Requirement
Find every line below with the word "False" in it, and copy each one.

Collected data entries

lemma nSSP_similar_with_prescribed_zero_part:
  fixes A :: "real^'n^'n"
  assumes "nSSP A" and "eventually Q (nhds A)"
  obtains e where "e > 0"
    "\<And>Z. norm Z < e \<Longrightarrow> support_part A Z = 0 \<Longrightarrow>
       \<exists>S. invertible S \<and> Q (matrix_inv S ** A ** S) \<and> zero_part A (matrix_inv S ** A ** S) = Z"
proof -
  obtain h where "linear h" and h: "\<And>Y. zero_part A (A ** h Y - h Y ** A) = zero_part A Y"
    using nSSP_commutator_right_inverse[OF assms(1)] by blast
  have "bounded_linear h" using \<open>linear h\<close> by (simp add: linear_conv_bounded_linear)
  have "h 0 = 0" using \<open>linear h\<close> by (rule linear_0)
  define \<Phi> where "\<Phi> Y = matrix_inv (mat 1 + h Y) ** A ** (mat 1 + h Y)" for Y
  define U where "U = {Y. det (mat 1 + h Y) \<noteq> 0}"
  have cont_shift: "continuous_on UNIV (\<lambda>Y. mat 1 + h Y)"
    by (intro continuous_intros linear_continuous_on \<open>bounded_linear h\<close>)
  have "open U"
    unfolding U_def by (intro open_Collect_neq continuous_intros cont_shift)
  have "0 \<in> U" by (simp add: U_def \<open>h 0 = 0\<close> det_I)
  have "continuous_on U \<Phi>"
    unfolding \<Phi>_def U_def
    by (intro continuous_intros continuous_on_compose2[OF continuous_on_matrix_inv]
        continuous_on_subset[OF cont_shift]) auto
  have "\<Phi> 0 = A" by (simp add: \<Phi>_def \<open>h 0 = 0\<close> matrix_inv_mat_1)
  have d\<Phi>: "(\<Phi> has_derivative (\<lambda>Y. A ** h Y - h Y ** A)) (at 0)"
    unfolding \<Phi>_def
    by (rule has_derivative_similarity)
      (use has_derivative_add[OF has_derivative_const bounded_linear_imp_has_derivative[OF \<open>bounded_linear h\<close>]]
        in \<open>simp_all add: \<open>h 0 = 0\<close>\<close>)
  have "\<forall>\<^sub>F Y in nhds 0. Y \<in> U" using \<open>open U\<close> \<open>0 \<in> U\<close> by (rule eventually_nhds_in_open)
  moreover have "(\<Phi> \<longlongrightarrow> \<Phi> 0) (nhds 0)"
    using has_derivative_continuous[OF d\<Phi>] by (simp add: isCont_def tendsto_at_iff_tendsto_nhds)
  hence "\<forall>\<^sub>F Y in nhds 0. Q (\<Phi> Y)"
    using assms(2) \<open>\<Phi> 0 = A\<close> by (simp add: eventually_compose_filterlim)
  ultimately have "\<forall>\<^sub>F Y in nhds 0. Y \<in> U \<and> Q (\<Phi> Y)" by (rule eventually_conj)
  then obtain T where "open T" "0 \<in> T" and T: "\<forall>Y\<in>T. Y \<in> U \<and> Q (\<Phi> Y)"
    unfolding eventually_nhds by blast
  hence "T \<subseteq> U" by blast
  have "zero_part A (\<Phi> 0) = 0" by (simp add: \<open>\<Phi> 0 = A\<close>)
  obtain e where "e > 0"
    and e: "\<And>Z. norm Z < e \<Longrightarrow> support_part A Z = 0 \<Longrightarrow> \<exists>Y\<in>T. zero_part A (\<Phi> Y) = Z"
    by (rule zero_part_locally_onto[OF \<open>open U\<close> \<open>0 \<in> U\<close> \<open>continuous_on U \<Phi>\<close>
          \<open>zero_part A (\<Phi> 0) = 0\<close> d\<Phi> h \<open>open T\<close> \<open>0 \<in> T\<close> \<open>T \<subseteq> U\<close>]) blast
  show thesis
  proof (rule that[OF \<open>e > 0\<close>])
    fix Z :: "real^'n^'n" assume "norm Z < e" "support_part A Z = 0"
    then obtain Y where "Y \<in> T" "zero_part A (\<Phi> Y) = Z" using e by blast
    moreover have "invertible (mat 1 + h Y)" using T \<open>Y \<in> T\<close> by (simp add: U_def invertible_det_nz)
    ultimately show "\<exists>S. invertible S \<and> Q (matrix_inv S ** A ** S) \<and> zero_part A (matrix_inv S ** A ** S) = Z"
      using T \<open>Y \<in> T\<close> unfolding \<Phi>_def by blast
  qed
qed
* * *
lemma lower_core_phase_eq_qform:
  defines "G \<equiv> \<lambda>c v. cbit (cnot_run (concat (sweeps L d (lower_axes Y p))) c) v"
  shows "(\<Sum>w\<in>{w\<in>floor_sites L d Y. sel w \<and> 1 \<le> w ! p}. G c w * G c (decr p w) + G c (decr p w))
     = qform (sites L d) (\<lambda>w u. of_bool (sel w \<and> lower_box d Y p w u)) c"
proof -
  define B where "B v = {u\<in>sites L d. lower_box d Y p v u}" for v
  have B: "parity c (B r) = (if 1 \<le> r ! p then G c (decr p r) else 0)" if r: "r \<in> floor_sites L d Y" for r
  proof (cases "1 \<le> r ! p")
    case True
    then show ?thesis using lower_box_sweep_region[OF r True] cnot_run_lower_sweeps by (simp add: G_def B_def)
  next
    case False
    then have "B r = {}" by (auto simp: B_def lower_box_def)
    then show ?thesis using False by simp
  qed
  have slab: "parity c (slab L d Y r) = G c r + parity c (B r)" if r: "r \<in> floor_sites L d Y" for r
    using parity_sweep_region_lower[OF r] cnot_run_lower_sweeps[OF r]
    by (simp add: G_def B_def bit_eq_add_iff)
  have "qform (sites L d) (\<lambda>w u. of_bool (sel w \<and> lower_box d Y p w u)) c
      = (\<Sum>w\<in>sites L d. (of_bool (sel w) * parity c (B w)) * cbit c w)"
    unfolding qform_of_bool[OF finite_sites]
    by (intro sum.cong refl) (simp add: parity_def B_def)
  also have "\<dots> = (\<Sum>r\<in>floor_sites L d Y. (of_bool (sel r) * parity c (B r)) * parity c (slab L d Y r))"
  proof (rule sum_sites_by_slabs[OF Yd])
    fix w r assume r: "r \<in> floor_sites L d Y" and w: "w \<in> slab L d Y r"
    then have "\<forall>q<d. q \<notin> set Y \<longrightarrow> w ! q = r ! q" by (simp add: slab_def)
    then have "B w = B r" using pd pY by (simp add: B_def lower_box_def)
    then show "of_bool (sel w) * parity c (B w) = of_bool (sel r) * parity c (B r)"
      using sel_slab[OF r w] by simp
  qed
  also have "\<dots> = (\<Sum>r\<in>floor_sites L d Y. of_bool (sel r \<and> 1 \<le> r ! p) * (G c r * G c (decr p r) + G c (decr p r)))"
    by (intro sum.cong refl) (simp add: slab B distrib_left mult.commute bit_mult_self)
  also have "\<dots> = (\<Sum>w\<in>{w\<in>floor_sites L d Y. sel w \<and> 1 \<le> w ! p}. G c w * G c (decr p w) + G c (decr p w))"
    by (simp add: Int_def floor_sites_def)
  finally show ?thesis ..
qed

Solution to this task
    case False
    then show ?thesis using False by simp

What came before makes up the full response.